▸ Your assignment: Wherever a line in the records below contains "finite", copy that line.

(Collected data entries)

────────────────────────────────────────

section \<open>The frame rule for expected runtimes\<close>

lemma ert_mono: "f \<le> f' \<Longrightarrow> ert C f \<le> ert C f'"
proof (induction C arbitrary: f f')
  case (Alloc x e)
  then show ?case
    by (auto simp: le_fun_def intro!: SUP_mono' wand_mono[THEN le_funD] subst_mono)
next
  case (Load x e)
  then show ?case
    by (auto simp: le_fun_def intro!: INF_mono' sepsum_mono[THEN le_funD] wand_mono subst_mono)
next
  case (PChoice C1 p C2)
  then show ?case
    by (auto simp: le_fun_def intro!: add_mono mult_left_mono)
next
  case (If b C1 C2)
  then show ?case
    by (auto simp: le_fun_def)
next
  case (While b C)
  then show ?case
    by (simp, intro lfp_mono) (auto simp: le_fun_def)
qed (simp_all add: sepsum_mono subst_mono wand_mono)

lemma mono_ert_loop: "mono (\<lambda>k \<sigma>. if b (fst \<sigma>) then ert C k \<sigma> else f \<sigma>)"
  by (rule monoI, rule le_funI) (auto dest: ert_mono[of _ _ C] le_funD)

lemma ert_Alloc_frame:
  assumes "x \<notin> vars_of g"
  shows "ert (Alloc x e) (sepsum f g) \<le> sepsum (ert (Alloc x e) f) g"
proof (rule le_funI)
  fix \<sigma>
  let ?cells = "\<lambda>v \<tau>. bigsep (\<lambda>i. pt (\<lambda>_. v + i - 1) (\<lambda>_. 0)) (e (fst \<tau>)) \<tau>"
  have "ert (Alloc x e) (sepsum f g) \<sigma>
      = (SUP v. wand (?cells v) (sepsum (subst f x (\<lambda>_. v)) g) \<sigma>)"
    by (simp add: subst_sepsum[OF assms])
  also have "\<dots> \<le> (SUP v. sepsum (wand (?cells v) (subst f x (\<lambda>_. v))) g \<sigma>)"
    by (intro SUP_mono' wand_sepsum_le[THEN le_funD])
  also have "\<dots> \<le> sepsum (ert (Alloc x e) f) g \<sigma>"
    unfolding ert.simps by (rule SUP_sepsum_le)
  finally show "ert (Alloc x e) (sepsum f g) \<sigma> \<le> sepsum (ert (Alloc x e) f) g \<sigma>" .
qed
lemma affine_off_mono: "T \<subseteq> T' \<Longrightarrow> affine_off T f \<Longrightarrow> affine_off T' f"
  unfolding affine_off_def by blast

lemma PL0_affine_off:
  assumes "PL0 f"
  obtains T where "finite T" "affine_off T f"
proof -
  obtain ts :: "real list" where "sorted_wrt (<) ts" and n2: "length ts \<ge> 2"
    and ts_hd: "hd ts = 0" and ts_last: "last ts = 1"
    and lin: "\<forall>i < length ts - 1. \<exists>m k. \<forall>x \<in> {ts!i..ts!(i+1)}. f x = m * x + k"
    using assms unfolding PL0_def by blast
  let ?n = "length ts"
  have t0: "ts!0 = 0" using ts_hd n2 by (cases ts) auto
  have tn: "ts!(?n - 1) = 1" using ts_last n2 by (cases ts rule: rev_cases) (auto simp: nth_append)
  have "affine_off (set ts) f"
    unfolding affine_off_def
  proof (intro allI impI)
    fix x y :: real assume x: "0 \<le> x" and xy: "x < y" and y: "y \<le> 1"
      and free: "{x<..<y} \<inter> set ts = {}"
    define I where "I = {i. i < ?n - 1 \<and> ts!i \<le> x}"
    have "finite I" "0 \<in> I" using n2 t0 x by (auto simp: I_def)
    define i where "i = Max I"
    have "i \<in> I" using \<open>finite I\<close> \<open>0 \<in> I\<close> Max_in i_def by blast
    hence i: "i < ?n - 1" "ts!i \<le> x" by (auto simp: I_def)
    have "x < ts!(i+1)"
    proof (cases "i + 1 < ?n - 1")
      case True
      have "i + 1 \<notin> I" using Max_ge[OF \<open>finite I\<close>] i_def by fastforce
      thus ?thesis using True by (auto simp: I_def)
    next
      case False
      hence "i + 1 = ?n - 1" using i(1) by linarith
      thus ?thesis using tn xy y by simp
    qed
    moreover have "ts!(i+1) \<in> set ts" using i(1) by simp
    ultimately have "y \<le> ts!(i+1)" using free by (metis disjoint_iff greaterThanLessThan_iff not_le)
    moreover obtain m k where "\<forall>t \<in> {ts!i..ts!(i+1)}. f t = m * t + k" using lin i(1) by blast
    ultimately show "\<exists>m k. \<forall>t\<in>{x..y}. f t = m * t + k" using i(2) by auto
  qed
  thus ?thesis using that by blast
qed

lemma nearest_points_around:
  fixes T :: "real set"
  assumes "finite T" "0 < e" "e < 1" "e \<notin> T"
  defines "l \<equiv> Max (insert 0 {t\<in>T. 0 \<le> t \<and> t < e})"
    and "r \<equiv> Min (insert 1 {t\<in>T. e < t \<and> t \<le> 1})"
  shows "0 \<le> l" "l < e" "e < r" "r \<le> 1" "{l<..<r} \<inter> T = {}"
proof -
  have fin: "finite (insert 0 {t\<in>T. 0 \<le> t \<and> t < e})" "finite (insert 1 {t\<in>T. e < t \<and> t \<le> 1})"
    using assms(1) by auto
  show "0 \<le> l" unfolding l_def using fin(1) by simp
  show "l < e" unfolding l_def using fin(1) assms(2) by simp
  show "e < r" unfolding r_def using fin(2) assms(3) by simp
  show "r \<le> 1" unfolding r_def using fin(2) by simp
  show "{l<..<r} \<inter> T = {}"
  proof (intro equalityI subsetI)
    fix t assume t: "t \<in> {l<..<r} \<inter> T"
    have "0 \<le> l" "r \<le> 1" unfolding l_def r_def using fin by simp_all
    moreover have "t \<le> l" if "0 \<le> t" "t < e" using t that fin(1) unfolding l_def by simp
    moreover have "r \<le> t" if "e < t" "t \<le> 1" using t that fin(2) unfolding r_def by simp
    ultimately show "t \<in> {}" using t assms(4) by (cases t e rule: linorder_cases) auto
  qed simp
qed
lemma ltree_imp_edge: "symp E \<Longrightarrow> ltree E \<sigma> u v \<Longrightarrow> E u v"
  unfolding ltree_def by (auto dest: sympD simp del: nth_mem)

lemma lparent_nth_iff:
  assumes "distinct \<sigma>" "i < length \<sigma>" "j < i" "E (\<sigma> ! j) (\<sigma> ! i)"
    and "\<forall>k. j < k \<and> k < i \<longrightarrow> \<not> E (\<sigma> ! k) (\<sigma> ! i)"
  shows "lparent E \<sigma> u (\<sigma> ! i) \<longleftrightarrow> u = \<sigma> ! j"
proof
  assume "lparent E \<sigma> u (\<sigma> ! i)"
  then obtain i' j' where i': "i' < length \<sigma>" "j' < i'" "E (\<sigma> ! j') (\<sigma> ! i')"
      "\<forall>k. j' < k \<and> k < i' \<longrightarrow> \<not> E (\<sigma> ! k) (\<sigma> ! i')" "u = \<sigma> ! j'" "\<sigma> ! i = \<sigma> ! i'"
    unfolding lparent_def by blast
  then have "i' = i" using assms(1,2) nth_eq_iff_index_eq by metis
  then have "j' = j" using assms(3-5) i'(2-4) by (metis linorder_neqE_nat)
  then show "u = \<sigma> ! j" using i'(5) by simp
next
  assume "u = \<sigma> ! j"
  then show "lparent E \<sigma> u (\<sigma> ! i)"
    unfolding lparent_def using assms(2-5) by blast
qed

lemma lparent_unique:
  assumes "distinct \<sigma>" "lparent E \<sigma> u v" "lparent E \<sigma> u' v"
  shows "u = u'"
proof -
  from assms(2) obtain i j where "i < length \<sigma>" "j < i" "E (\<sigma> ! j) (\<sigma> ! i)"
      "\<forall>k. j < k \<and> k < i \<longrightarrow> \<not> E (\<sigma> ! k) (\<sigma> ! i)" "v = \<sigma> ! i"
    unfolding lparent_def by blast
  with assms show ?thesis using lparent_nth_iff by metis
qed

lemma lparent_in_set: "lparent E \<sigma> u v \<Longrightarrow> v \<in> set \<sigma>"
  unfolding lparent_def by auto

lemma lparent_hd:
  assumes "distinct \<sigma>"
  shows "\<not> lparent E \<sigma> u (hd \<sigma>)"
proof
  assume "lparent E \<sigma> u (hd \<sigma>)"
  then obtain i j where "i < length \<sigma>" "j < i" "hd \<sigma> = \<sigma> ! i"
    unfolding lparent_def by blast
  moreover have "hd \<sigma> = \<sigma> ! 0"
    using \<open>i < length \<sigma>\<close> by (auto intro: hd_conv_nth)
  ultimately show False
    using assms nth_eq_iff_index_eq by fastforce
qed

────────────────────────────────────────

▸ Result for this exercise:
  obtains T where "finite T" "affine_off T f"
    have "finite I" "0 \<in> I" using n2 t0 x by (auto simp: I_def)
    have "i \<in> I" using \<open>finite I\<close> \<open>0 \<in> I\<close> Max_in i_def by blast
      have "i + 1 \<notin> I" using Max_ge[OF \<open>finite I\<close>] i_def by fastforce
  assumes "finite T" "0 < e" "e < 1" "e \<notin> T"
  have fin: "finite (insert 0 {t\<in>T. 0 \<le> t \<and> t < e})" "finite (insert 1 {t\<in>T. e < t \<and> t \<le> 1})"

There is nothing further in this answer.